TASK STATEMENT
Copy exactly the lines of the material below, starting with the first and including the line that holds "proof (rule prod_mono)".

TASK DATA
lemma laplace_density_le_shift:
  assumes b: "b > 0"
  shows "laplace_density b u \<le> exp (\<bar>u - v\<bar> / b) * laplace_density b v"
proof -
  have "- \<bar>u\<bar> / b \<le> \<bar>u - v\<bar> / b + - \<bar>v\<bar> / b"
    using b by (simp add: field_simps)
  then have "exp (- \<bar>u\<bar> / b) \<le> exp (\<bar>u - v\<bar> / b) * exp (- \<bar>v\<bar> / b)"
    by (simp flip: exp_add)
  then show ?thesis
    using b unfolding laplace_density_def by (simp add: divide_right_mono)
qed

lemma prod_laplace_density_le_shift:
  assumes b: "b > 0" and I: "finite I"
  shows "(\<Prod>i\<in>I. laplace_density b (y i - p i))
    \<le> exp ((\<Sum>i\<in>I. \<bar>p i - q i\<bar>) / b) * (\<Prod>i\<in>I. laplace_density b (y i - q i))"
proof -
  have "(\<Prod>i\<in>I. laplace_density b (y i - p i))
      \<le> (\<Prod>i\<in>I. exp (\<bar>p i - q i\<bar> / b) * laplace_density b (y i - q i))"
  proof (rule prod_mono)
    fix i
    have "\<bar>(y i - p i) - (y i - q i)\<bar> = \<bar>p i - q i\<bar>" by linarith
    then show "0 \<le> laplace_density b (y i - p i)
        \<and> laplace_density b (y i - p i) \<le> exp (\<bar>p i - q i\<bar> / b) * laplace_density b (y i - q i)"
      using laplace_density_nonneg[OF b] laplace_density_le_shift[OF b, of "y i - p i" "y i - q i"]
      by metis
  qed
  also have "\<dots> = exp ((\<Sum>i\<in>I. \<bar>p i - q i\<bar>) / b) * (\<Prod>i\<in>I. laplace_density b (y i - q i))"
    by (simp add: prod.distrib sum_divide_distrib exp_sum[OF I])
  finally show ?thesis .
qed

section \<open>Products of densities\<close>

lemma PiM_density_lborel:
  fixes f :: "'i \<Rightarrow> real \<Rightarrow> ennreal"
  assumes I: "finite I" and [measurable]: "\<And>i. f i \<in> borel_measurable borel"
    and "\<And>i. prob_space (density lborel (f i))"
  shows "PiM I (\<lambda>i. density lborel (f i)) = density (PiM I (\<lambda>_. lborel)) (\<lambda>x. \<Prod>i\<in>I. f i (x i))"
proof -
  interpret P: product_prob_space "\<lambda>i. density lborel (f i)"
    by (intro product_prob_spaceI assms)
  interpret L: product_sigma_finite "\<lambda>_. lborel :: real measure"
    by standard
  show ?thesis
  proof (rule P.PiM_eqI[symmetric, OF I])
    show "sets (density (PiM I (\<lambda>_. lborel)) (\<lambda>x. \<Prod>i\<in>I. f i (x i))) = sets (PiM I (\<lambda>i. density lborel (f i)))"
      unfolding sets_density by (rule sets_PiM_cong) auto
  next
    fix A assume "\<And>i. i \<in> I \<Longrightarrow> A i \<in> sets (density lborel (f i))"
    then have A[measurable]: "\<And>i. i \<in> I \<Longrightarrow> A i \<in> sets borel" by simp
    have indicator_PiE: "indicator (Pi\<^sub>E I A) x = (\<Prod>i\<in>I. indicator (A i) (x i) :: ennreal)"
      if "x \<in> extensional I" for x
      using that I by (auto simp: indicator_def PiE_iff)
    have "emeasure (density (PiM I (\<lambda>_. lborel)) (\<lambda>x. \<Prod>i\<in>I. f i (x i))) (Pi\<^sub>E I A)
        = (\<integral>\<^sup>+x. (\<Prod>i\<in>I. f i (x i)) * indicator (Pi\<^sub>E I A) x \<partial>PiM I (\<lambda>_. lborel))"
      using A by (intro emeasure_density) (auto intro!: sets_PiM_I_finite I)
    also have "\<dots> = (\<integral>\<^sup>+x. (\<Prod>i\<in>I. f i (x i) * indicator (A i) (x i)) \<partial>PiM I (\<lambda>_. lborel))"
      by (intro nn_integral_cong) (simp add: space_PiM PiE_iff indicator_PiE prod.distrib)
    also have "\<dots> = (\<Prod>i\<in>I. \<integral>\<^sup>+y. f i y * indicator (A i) y \<partial>lborel)"
      using A by (intro L.product_nn_integral_prod I) auto
    also have "\<dots> = (\<Prod>i\<in>I. emeasure (density lborel (f i)) (A i))"
      using A by (intro prod.cong refl) (simp add: emeasure_density)
    finally show "emeasure (density (PiM I (\<lambda>_. lborel)) (\<lambda>x. \<Prod>i\<in>I. f i (x i))) (Pi\<^sub>E I A)
        = (\<Prod>i\<in>I. emeasure (density lborel (f i)) (A i))" .
  qed
qed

TASK OUTPUT
lemma laplace_density_le_shift:
  assumes b: "b > 0"
  shows "laplace_density b u \<le> exp (\<bar>u - v\<bar> / b) * laplace_density b v"
proof -
  have "- \<bar>u\<bar> / b \<le> \<bar>u - v\<bar> / b + - \<bar>v\<bar> / b"
    using b by (simp add: field_simps)
  then have "exp (- \<bar>u\<bar> / b) \<le> exp (\<bar>u - v\<bar> / b) * exp (- \<bar>v\<bar> / b)"
    by (simp flip: exp_add)
  then show ?thesis
    using b unfolding laplace_density_def by (simp add: divide_right_mono)
qed

lemma prod_laplace_density_le_shift:
  assumes b: "b > 0" and I: "finite I"
  shows "(\<Prod>i\<in>I. laplace_density b (y i - p i))
    \<le> exp ((\<Sum>i\<in>I. \<bar>p i - q i\<bar>) / b) * (\<Prod>i\<in>I. laplace_density b (y i - q i))"
proof -
  have "(\<Prod>i\<in>I. laplace_density b (y i - p i))
      \<le> (\<Prod>i\<in>I. exp (\<bar>p i - q i\<bar> / b) * laplace_density b (y i - q i))"
  proof (rule prod_mono)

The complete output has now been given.